• _ACTIVITY_: Only the lines that hold "assumes" should be in the answer, each copied from the data below.

• _MATERIAL PROVIDED_:
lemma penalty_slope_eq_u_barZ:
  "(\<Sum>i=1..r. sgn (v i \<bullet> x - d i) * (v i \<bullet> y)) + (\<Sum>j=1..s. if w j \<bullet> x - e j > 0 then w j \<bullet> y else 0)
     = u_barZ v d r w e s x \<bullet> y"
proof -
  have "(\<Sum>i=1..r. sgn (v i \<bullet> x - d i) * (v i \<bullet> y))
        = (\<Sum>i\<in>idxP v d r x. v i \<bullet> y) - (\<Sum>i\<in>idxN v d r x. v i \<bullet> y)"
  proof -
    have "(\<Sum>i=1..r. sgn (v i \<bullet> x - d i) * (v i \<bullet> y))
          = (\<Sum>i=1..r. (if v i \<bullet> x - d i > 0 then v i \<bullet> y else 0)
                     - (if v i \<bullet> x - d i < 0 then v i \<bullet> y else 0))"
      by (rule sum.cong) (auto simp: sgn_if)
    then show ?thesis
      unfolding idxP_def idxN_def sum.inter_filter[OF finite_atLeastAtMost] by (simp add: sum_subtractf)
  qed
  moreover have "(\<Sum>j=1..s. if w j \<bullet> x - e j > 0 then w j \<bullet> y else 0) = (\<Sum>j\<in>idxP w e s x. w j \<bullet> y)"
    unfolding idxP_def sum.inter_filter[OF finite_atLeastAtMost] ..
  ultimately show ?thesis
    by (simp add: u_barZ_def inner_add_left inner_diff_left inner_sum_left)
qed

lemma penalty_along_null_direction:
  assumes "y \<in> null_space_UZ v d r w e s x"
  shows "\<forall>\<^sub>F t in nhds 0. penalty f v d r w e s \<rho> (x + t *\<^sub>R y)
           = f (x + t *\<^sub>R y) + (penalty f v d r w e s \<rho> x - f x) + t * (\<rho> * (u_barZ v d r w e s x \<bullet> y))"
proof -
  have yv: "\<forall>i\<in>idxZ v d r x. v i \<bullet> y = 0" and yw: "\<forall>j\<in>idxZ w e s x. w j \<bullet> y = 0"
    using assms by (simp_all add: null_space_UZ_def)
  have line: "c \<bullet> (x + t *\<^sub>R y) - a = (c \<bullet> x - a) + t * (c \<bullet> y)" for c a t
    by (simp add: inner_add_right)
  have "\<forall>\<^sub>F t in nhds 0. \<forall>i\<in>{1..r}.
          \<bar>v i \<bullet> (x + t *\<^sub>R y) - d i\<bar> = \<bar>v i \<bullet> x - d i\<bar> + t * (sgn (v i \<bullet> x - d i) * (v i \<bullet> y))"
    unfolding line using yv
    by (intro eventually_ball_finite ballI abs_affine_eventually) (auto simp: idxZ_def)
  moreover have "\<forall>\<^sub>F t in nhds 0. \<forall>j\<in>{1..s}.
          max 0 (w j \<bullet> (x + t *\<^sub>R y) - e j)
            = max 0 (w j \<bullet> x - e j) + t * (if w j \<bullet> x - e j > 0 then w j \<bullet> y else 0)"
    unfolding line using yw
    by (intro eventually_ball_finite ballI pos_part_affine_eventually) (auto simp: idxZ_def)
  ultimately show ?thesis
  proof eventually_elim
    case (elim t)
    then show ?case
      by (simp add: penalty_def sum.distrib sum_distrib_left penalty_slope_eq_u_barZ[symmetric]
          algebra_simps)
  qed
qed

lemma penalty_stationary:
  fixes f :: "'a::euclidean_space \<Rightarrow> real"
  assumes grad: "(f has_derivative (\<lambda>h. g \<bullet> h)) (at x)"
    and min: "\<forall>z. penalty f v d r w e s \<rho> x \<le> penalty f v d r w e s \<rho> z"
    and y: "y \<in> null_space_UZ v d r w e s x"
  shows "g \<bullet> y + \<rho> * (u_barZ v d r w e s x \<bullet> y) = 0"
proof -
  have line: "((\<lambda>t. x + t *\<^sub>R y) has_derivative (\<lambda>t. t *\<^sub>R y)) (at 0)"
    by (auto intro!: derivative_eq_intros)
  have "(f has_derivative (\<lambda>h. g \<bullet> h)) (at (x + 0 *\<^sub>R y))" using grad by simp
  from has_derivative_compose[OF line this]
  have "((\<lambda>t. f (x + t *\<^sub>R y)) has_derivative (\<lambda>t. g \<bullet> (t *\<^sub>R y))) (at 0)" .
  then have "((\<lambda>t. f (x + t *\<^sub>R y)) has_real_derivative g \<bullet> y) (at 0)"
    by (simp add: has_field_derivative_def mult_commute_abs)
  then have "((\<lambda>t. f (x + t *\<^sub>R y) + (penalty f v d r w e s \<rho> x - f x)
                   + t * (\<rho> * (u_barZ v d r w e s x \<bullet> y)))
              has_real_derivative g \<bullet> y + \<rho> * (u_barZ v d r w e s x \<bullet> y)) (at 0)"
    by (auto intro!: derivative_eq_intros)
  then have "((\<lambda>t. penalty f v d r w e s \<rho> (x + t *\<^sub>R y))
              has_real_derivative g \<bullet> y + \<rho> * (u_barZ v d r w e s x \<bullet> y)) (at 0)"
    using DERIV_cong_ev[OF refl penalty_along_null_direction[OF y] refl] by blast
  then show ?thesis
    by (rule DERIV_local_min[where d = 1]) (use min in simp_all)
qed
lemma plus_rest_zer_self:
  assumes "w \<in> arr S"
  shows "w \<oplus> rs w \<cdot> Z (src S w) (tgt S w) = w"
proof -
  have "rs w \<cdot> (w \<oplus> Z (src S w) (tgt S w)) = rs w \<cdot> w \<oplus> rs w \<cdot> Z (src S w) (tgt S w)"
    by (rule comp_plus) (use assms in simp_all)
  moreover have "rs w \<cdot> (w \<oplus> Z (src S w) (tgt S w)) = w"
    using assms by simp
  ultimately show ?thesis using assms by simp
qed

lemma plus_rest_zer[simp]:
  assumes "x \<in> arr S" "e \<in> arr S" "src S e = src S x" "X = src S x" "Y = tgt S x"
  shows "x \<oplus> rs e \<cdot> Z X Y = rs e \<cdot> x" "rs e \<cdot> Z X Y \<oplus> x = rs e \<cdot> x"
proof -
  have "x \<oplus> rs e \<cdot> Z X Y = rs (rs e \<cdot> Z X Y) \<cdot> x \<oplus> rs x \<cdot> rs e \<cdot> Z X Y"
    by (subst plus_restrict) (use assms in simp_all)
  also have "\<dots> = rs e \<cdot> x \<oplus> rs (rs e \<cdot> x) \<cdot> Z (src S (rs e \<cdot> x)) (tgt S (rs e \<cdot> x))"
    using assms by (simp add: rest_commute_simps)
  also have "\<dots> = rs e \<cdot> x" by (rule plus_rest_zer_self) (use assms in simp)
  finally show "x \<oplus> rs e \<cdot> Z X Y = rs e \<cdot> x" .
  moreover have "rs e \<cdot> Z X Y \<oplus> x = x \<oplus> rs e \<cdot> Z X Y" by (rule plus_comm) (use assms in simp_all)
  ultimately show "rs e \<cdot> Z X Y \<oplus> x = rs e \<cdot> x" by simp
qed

• _SOLVED PROBLEM_:
  assumes "y \<in> null_space_UZ v d r w e s x"
  assumes grad: "(f has_derivative (\<lambda>h. g \<bullet> h)) (at x)"
  assumes "w \<in> arr S"
  assumes "x \<in> arr S" "e \<in> arr S" "src S e = src S x" "X = src S x" "Y = tgt S x"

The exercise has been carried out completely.